EP0356974B1 - Cleaning and washing composition - Google Patents

Abstract

Cleaning and washing compositions for aqueous uses which contain as hardness remover 2 to 25% by weight, based on the total weight of the compositions, of beta -alanine-N,N-diacetic acid or the alkali metal or ammonium salts thereof.

Description

The present invention relates to detergents and cleaning agents for aqueous applications containing 2 to 25% by weight as softener, based on the total weight of the detergent, β-alanine-N, N-diacetic acid or its alkali metal or ammonium salts.

Detergents and cleaning agents for aqueous applications are generally composed of a combination of various surface-active substances and other auxiliaries.

Among the other aids, softeners should be mentioned primarily, i.e. Substances that are able to bind the hardness constituents of water, especially Ca⁺⁺ and Mg⁺⁺ cations.

So far, mainly phosphates have been used as softeners, but they are increasingly undesirable due to environmental pollution.

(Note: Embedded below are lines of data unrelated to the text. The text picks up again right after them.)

(* In the cell FDE setting described in the context, assume (H1), (H2), (H3), and: (H8) there exist $\delta>0$ and $z^*\ge0$ with $q(z)\le-\delta$ for all $z\ge z^*$; (H9) for every $K>0$ there is $L=L(K)$ such that $j(\varphi,\psi)\ge K$ whenever $(\varphi,\psi)\in U_+$ and $\min_{[-h,0]}\varphi\ge L$. Then there exists $K_2$ such that for every $\phi\in X_+$ there is $t_m=t_m(\phi)$ with $w^\phi(t)\le K_2$ for all $t\ge t_m$.
   Context: Let $h>0$, $R_-<0$, $I:=(R_-,\infty)$. $\|\phi\|_0:=\max_{\theta\in[-h,0]}|\phi(\theta)|$, $\|\phi\|_1:=\|\phi\|_0+\|\phi'\|_0$; $x_t(s):=x(t+s)$, $s\in[-h,0]$. Let $U:=C^1([-h,0],\mathbb R)\times C^1([-h,0],I)$, $U_+:=C^1([-h,0],[0,\infty)^2)$, $q:I\to\mathbb R$, $j:U\to\mathbb R$, $\mu\ge0$. Cell FDE: $w'(t)=q(v(t))w(t)$, $v'(t)=j(w_t,v_t)-\mu v(t)$, $t>0$, $(w_0,v_0)=(\varphi,\psi)$. $F(\varphi,\psi):=(q(\psi(0))\varphi(0),j(\varphi,\psi)-\mu\psi(0))$, $X:=\{\phi\in U:\phi'(0)=F(\phi)\}$, $X_+:=X\cap U_+$. Solutions are $C^1$ maps $x=(w,v)$ on $[-h,t_* )$ with $x_0=\phi$, $x_t\in U$, satisfying the equations on $(0,t_* )$. (S): $f$ is $C^1$, each $Df(\phi)$ extends to a linear map on $C([-h,0],\mathbb R^n)$ and $(\phi,\chi)\mapsto D_ef(\phi)\chi$ is continuous. (sLb) on $\mathcal O_+$: for each $\|\cdot\|_1$-bounded $B\subset\mathcal O_+$ there is $L_B$ with $|f(\phi)-f(\chi)|\le L_B\|\phi-\chi\|_0$ on $B$. (H1): $j$ satisfies (S) on $U$, (sLb) on $U_+$, $j\ge0$ on $U_+$, and $j(B_1\times B_2)$ is bounded whenever $B_1\times B_2\subset U_+$ with $B_1$ bounded. (H2): $q$ bounded and $C^1$. (H3): $X_+\neq\emptyset$. Under (H1)-(H3) each $\phi\in X_+$ has a unique solution $(w^\phi,v^\phi)$ on $[-h,\infty)$ with segments in $X_+$. *)

theory Defs
  imports "HOL-Analysis.Analysis"
begin

(* Functions on [-h,0] are represented extensionally as maps real => 'a that vanish off [-h,0]. *)

definition pf :: "(real \<Rightarrow> real) \<Rightarrow> (real \<Rightarrow> real) \<Rightarrow> real \<Rightarrow> real \<times> real" where
  "pf \<phi> \<psi> = (\<lambda>s. (\<phi> s, \<psi> s))"

definition nrm0 :: "real \<Rightarrow> (real \<Rightarrow> 'a::real_normed_vector) \<Rightarrow> real" where
  "nrm0 h f = (SUP s\<in>{-h..0}. norm (f s))"

definition dr :: "real \<Rightarrow> (real \<Rightarrow> 'a::real_normed_vector) \<Rightarrow> real \<Rightarrow> 'a" where
  "dr h f s = vector_derivative f (at s within {-h..0})"

definition nrm1 :: "real \<Rightarrow> (real \<Rightarrow> 'a::real_normed_vector) \<Rightarrow> real" where
  "nrm1 h f = nrm0 h f + nrm0 h (dr h f)"

definition isC0 :: "real \<Rightarrow> (real \<Rightarrow> 'a::real_normed_vector) \<Rightarrow> bool" where
  "isC0 h f \<longleftrightarrow> continuous_on {-h..0} f \<and> (\<forall>s. s \<notin> {-h..0} \<longrightarrow> f s = 0)"

definition isC1 :: "real \<Rightarrow> (real \<Rightarrow> 'a::real_normed_vector) \<Rightarrow> bool" where
  "isC1 h f \<longleftrightarrow> (\<forall>s\<in>{-h..0}. (f has_vector_derivative dr h f s) (at s within {-h..0}))
      \<and> continuous_on {-h..0} (dr h f) \<and> (\<forall>s. s \<notin> {-h..0} \<longrightarrow> f s = 0)"

definition UU :: "real \<Rightarrow> real \<Rightarrow> ((real \<Rightarrow> real) \<times> (real \<Rightarrow> real)) set" where
  "UU h Rm = {(\<phi>, \<psi>). isC1 h \<phi> \<and> isC1 h \<psi> \<and> (\<forall>s\<in>{-h..0}. Rm < \<psi> s)}"

definition Uplus :: "real \<Rightarrow> ((real \<Rightarrow> real) \<times> (real \<Rightarrow> real)) set" where
  "Uplus h = {(\<phi>, \<psi>). isC1 h \<phi> \<and> isC1 h \<psi> \<and> (\<forall>s\<in>{-h..0}. 0 \<le> \<phi> s \<and> 0 \<le> \<psi> s)}"

definition FF :: "(real \<Rightarrow> real) \<Rightarrow> ((real \<Rightarrow> real) \<Rightarrow> (real \<Rightarrow> real) \<Rightarrow> real) \<Rightarrow> real
    \<Rightarrow> (real \<Rightarrow> real) \<Rightarrow> (real \<Rightarrow> real) \<Rightarrow> real \<times> real" where
  "FF q j \<mu> \<phi> \<psi> = (q (\<psi> 0) * \<phi> 0, j \<phi> \<psi> - \<mu> * \<psi> 0)"

definition XX where
  "XX h Rm q j \<mu> = {(\<phi>, \<psi>) \<in> UU h Rm. (dr h \<phi> 0, dr h \<psi> 0) = FF q j \<mu> \<phi> \<psi>}"

definition Xplus where
  "Xplus h Rm q j \<mu> = XX h Rm q j \<mu> \<inter> Uplus h"

definition seg :: "real \<Rightarrow> (real \<Rightarrow> real) \<Rightarrow> real \<Rightarrow> real \<Rightarrow> real" where
  "seg h x t = (\<lambda>s. if s \<in> {-h..0} then x (t + s) else 0)"

text \<open>Condition (S) for j on U, with D_e j(p) represented by De p (defined on C pairs).\<close>
definition condS where
  "condS h Rm j \<longleftrightarrow> (\<exists>De :: (real \<Rightarrow> real) \<Rightarrow> (real \<Rightarrow> real) \<Rightarrow> (real \<Rightarrow> real) \<Rightarrow> (real \<Rightarrow> real) \<Rightarrow> real.
     (\<forall>(\<phi>,\<psi>)\<in>UU h Rm. \<forall>\<xi>1 \<zeta>1 \<xi>2 \<zeta>2 a b. isC0 h \<xi>1 \<and> isC0 h \<zeta>1 \<and> isC0 h \<xi>2 \<and> isC0 h \<zeta>2 \<longrightarrow>
        De \<phi> \<psi> (\<lambda>s. a * \<xi>1 s + b * \<xi>2 s) (\<lambda>s. a * \<zeta>1 s + b * \<zeta>2 s)
          = a * De \<phi> \<psi> \<xi>1 \<zeta>1 + b * De \<phi> \<psi> \<xi>2 \<zeta>2)
   \<and> (\<forall>(\<phi>,\<psi>)\<in>UU h Rm. \<forall>\<epsilon>>0. \<exists>\<eta>>0. \<forall>(\<phi>',\<psi>')\<in>UU h Rm.
        nrm1 h (pf (\<lambda>s. \<phi>' s - \<phi> s) (\<lambda>s. \<psi>' s - \<psi> s)) < \<eta> \<longrightarrow>
        \<bar>j \<phi>' \<psi>' - j \<phi> \<psi> - De \<phi> \<psi> (\<lambda>s. \<phi>' s - \<phi> s) (\<lambda>s. \<psi>' s - \<psi> s)\<bar>
          \<le> \<epsilon> * nrm1 h (pf (\<lambda>s. \<phi>' s - \<phi> s) (\<lambda>s. \<psi>' s - \<psi> s)))
   \<and> (\<forall>(\<phi>,\<psi>)\<in>UU h Rm. \<forall>\<epsilon>>0. \<exists>\<eta>>0. \<forall>(\<phi>',\<psi>')\<in>UU h Rm.
        nrm1 h (pf (\<lambda>s. \<phi>' s - \<phi> s) (\<lambda>s. \<psi>' s - \<psi> s)) < \<eta> \<longrightarrow>
        (\<forall>\<xi> \<zeta>. isC1 h \<xi> \<and> isC1 h \<zeta> \<longrightarrow>
           \<bar>De \<phi>' \<psi>' \<xi> \<zeta> - De \<phi> \<psi> \<xi> \<zeta>\<bar> \<le> \<epsilon> * nrm1 h (pf \<xi> \<zeta>)))
   \<and> (\<forall>(\<phi>,\<psi>)\<in>UU h Rm. \<forall>\<xi> \<zeta>. isC0 h \<xi> \<and> isC0 h \<zeta> \<longrightarrow>
        (\<forall>\<epsilon>>0. \<exists>\<eta>>0. \<forall>(\<phi>',\<psi>')\<in>UU h Rm. \<forall>\<xi>' \<zeta>'. isC0 h \<xi>' \<and> isC0 h \<zeta>' \<and>
           nrm1 h (pf (\<lambda>s. \<phi>' s - \<phi> s) (\<lambda>s. \<psi>' s - \<psi> s)) < \<eta> \<and>
           nrm0 h (pf (\<lambda>s. \<xi>' s - \<xi> s) (\<lambda>s. \<zeta>' s - \<zeta> s)) < \<eta> \<longrightarrow>
           \<bar>De \<phi>' \<psi>' \<xi>' \<zeta>' - De \<phi> \<psi> \<xi> \<zeta>\<bar> < \<epsilon>)))"

definition condsLb where
  "condsLb h j \<longleftrightarrow> (\<forall>B \<subseteq> Uplus h. (\<exists>M. \<forall>(\<phi>,\<psi>)\<in>B. nrm1 h (pf \<phi> \<psi>) \<le> M) \<longrightarrow>
     (\<exists>L. \<forall>(\<phi>,\<psi>)\<in>B. \<forall>(\<phi>',\<psi>')\<in>B.
        \<bar>j \<phi> \<psi> - j \<phi>' \<psi>'\<bar> \<le> L * nrm0 h (pf (\<lambda>s. \<phi> s - \<phi>' s) (\<lambda>s. \<psi> s - \<psi>' s))))"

Nitrilotriacetic acid and its salts have recently been used as a replacement for the phosphates, but these compounds are also not fully satisfactory since they deposit deposits of hardness, e.g. on textile fabrics, not preventing them effectively enough.

The present invention was therefore based on detergents and cleaning agents for aqueous applications, which contain softeners which are even more effective than nitrilotriacetic acid.

Accordingly, detergents and cleaning agents for aqueous applications have been found which contain 2 to 25% by weight, based on the total weight of the detergent, of β-alanine-N, N-diacetic acid or its alkali metal or ammonium salts as softener.

Beta-alanine-N, N-diacetic acid, like nitrilotriacetic acid, is biodegradable and can be produced particularly advantageously by reacting acrylic acid with iminodiacetic acid in an aqueous medium in large quantities (see our recent application P 38 29 859.7 - OZ 0050/40154).

An additional advantage of β-alanine-N, N-diacetic acid is its lower binding capacity for heavy metal ions such as Cu²⁺ or Cd²⁺ compared to nitrilotriacetic acid, such as a comparison of the corresponding equilibrium constants on pages 564 and 565 in Organic Sequestering Agents, A.E. Martell, J. Wiley & Sons, Hew York (1959). This reduces the likelihood that traces of undegraded β-alanine-N, N-diacetic acid will release heavy metal ions deposited in river sediments.

Based on the total weight of the washing and cleaning agents according to the invention, the β-alanine-N, N-diacetic acid or its alkali metal or ammonium salts are used in amounts of 2 to 25, preferably in amounts of 5 to 15,% by weight. Their alkali metal salts are used with particular advantage, the trisodium salt being particularly preferred. However, the salts of β-alanine-N, N-diacetic acid with basic compounds such as potassium hydroxide, ammonia or primary, secondary or tertiary aliphatic organic amines having 1 to 4 carbon atoms in the aliphatic radicals such as methylamine, dimethylamine or trimethylamine can also be used .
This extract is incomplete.